lemma (in kernel_identity) tf_kernel_difference:
  assumes "cadj P = P"
    and U: "matrix_inv (mat 1 - mscale w A) ** (mat 1 - mscale w A) = mat 1"
    and V: "matrix_inv (mat 1 - mscale z A) ** (mat 1 - mscale z A) = mat 1"
  defines "L \<equiv> C ** matrix_inv (mat 1 - mscale w A) ** P
                 ** cadj (matrix_inv (mat 1 - mscale z A)) ** cadj C"
  shows "tf D1 C A B1 w ** cadj (tf D1 C A B1 z) - tf D2 C A B2 w ** cadj (tf D2 C A B2 z)
           - tf D3 C A B3 w ** cadj (tf D3 C A B3 z) = L - mscale (w * cnj z) L"
proof -
  let ?U = "matrix_inv (mat 1 - mscale w A)" and ?V = "matrix_inv (mat 1 - mscale z A)"
  have "tf D1 C A B1 w ** cadj (tf D1 C A B1 z) - tf D2 C A B2 w ** cadj (tf D2 C A B2 z)
          - tf D3 C A B3 w ** cadj (tf D3 C A B3 z)
      = (D1 ** cadj D1 - D2 ** cadj D2 - D3 ** cadj D3)
        + mscale (cnj z) (cadj (B1 ** cadj D1 - B2 ** cadj D2 - B3 ** cadj D3) ** cadj ?V ** cadj C)
        + mscale w (C ** ?U ** (B1 ** cadj D1 - B2 ** cadj D2 - B3 ** cadj D3))
        + mscale (w * cnj z)
            (C ** ?U ** (B1 ** cadj B1 - B2 ** cadj B2 - B3 ** cadj B3) ** cadj ?V ** cadj C)"
    unfolding tf_kernel_expand
    by (simp add: cadj_diff cadj_add cadj_matrix_mult matrix_diff_ldistrib matrix_diff_rdistrib
        mscale_diff matrix_add_ldistrib matrix_add_rdistrib mscale_add matrix_mul_assoc
        algebra_simps)
  also have "\<dots> = C ** (P + mscale (cnj z) (P ** cadj A ** cadj ?V) + mscale w (?U ** A ** P)
           + mscale (w * cnj z) (?U ** (A ** P ** cadj A - P) ** cadj ?V)) ** cadj C"
    unfolding feedthrough_eq cross_eq Stein_eq
    by (simp add: assms(1) cadj_matrix_mult matrix_add_ldistrib matrix_add_rdistrib
        mscale_matrix_mult_left mscale_matrix_mult_right matrix_mul_assoc)
  also have "\<dots> = L - mscale (w * cnj z) L"
    unfolding resolvent_Stein_identity[OF U V] L_def
    by (simp add: matrix_diff_ldistrib matrix_diff_rdistrib mscale_matrix_mult_left
        mscale_matrix_mult_right matrix_mul_assoc)
  finally show ?thesis .
qed

theorem lemma4p1:
  fixes A :: "complex^'n^'n" and C :: "complex^'n^'m"
    and B1 :: "complex^'p^'n" and B2 :: "complex^'q^'n" and B3 :: "complex^'r^'n"
    and D1 :: "complex^'p^'m" and D2 :: "complex^'q^'m" and D3 :: "complex^'r^'m"
    and R :: "complex^'n^'n" and z w :: complex
  assumes "stable A"
    and "observable C A"
    and "controllable A (hcat B1 B2)"
    and "block_psd (\<lambda>i j. TTadj (tcoeff D1 C A B1) i j - TTadj (tcoeff D2 C A B2) i j)"
    and "mat_psd (gram A B3 + gram A B2 - gram A B1)"
    and "\<forall>i j. TTadj (tcoeff D1 C A B1) i j - TTadj (tcoeff D2 C A B2) i j
               - TTadj (tcoeff D3 C A B3) i j
             = Wobs_kernel C A (gram A B3 + gram A B2 - gram A B1) i j"
    and "cadj R = R" and "mat_psd R" and "R ** R = gram A B3 + gram A B2 - gram A B1"
    and "cmod z < 1" and "cmod w < 1"
  shows "mscale (w * cnj z) ((C ** matrix_inv (mat 1 - mscale w A) ** R)
              ** cadj (C ** matrix_inv (mat 1 - mscale z A) ** R))
         + tf D1 C A B1 w ** cadj (tf D1 C A B1 z)
       = (C ** matrix_inv (mat 1 - mscale w A) ** R)
              ** cadj (C ** matrix_inv (mat 1 - mscale z A) ** R)
         + tf D2 C A B2 w ** cadj (tf D2 C A B2 z)
         + tf D3 C A B3 w ** cadj (tf D3 C A B3 z)"
proof -
  define P where "P = gram A B3 + gram A B2 - gram A B1"
  interpret kernel_identity A C P B1 B2 B3 D1 D2 D3
    using assms(2,6) by unfold_locales (simp_all add: P_def)
  have "cadj P = P"
    using assms(7,9) unfolding P_def by (metis cadj_matrix_mult)
  let ?U = "matrix_inv (mat 1 - mscale w A)" and ?V = "matrix_inv (mat 1 - mscale z A)"
  have "(C ** ?U ** R) ** cadj (C ** ?V ** R) = C ** ?U ** P ** cadj ?V ** cadj C"
    unfolding P_def assms(9)[symmetric] by (simp add: assms(7) cadj_matrix_mult matrix_mul_assoc)
  with tf_kernel_difference[OF \<open>cadj P = P\<close> stable_resolvent_inverse[OF assms(1,11)]
      stable_resolvent_inverse[OF assms(1,10)]]
  show ?thesis
    by (simp add: algebra_simps)
qed

end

Task instructions
Find the word "assms" in the entries above. Copy every line that has it.

Output below
    by (simp add: assms(1) cadj_matrix_mult matrix_add_ldistrib matrix_add_rdistrib
    using assms(2,6) by unfold_locales (simp_all add: P_def)
    using assms(7,9) unfolding P_def by (metis cadj_matrix_mult)
    unfolding P_def assms(9)[symmetric] by (simp add: assms(7) cadj_matrix_mult matrix_mul_assoc)
  with tf_kernel_difference[OF \<open>cadj P = P\<close> stable_resolvent_inverse[OF assms(1,11)]
      stable_resolvent_inverse[OF assms(1,10)]]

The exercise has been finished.